- YOUR INSTRUCTIONS -
Using the records below, transcribe word for word the stretch from the line that contains "using lp_feasible_nonneg[OF lp_optimal_bfs_feasible]" through the line that contains "d \<le> (1 + d)", both end lines included, and nothing else.
*** DATA ***
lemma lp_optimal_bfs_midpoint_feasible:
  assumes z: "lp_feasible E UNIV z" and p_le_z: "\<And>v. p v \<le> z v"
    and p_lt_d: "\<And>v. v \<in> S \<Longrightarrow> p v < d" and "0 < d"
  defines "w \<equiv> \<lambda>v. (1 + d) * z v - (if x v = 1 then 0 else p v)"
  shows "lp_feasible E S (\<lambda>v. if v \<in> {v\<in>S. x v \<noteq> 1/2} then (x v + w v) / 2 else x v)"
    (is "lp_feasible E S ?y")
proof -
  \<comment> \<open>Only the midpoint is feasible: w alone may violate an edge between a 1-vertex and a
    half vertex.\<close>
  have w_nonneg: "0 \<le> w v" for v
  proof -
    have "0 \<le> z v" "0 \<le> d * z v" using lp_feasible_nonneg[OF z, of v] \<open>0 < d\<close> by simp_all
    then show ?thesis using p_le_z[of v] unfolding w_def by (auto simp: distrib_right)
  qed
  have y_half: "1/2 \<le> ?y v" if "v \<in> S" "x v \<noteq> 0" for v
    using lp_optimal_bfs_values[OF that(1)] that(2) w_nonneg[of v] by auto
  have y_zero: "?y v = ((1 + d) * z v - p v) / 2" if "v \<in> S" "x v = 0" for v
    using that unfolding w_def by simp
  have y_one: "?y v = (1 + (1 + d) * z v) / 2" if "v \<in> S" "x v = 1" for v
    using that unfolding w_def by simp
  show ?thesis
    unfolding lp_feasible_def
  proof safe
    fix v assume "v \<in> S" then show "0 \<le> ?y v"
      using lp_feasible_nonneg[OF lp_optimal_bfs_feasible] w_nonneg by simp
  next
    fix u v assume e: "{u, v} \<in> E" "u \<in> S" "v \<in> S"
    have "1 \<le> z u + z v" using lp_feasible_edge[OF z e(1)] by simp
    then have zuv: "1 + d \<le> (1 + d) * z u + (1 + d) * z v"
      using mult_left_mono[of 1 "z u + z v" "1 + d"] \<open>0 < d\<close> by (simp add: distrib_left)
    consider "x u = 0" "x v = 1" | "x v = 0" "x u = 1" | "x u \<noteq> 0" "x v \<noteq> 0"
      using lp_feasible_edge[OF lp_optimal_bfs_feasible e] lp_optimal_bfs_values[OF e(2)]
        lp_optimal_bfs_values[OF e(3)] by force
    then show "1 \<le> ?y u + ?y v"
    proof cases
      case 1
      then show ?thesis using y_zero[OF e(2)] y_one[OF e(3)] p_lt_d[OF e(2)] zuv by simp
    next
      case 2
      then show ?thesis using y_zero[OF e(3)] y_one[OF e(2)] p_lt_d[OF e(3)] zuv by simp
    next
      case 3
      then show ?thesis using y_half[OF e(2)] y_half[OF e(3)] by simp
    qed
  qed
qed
*** End of DATA ***
*** DATA ***
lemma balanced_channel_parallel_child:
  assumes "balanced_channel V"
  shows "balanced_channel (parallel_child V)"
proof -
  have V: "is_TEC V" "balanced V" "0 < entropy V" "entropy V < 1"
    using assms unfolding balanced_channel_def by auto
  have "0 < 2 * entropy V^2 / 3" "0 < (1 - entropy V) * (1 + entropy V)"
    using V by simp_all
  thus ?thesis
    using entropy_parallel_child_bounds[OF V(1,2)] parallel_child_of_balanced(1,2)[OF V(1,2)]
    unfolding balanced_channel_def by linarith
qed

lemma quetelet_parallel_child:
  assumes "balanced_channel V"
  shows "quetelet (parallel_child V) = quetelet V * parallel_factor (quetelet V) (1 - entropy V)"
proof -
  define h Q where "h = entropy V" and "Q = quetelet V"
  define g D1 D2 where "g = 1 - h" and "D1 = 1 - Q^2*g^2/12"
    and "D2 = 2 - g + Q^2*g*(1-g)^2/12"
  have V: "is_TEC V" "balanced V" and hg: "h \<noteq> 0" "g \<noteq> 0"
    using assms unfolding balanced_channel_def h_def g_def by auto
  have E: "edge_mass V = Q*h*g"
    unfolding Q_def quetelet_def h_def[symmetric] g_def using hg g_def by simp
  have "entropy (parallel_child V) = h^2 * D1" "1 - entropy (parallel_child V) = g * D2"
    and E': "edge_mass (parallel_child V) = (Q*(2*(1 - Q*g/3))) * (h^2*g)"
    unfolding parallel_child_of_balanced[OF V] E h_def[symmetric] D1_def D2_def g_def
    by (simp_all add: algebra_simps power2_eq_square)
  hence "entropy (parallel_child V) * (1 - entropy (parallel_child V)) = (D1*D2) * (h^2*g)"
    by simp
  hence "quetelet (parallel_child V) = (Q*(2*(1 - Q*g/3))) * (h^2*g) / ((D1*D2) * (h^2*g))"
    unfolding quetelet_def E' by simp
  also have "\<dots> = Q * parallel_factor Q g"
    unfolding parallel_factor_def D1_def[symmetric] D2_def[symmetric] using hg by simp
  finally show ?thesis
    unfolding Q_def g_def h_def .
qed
*** End of DATA ***
- RESULT -
      using lp_feasible_nonneg[OF lp_optimal_bfs_feasible] w_nonneg by simp
  next
    fix u v assume e: "{u, v} \<in> E" "u \<in> S" "v \<in> S"
    have "1 \<le> z u + z v" using lp_feasible_edge[OF z e(1)] by simp
    then have zuv: "1 + d \<le> (1 + d) * z u + (1 + d) * z v"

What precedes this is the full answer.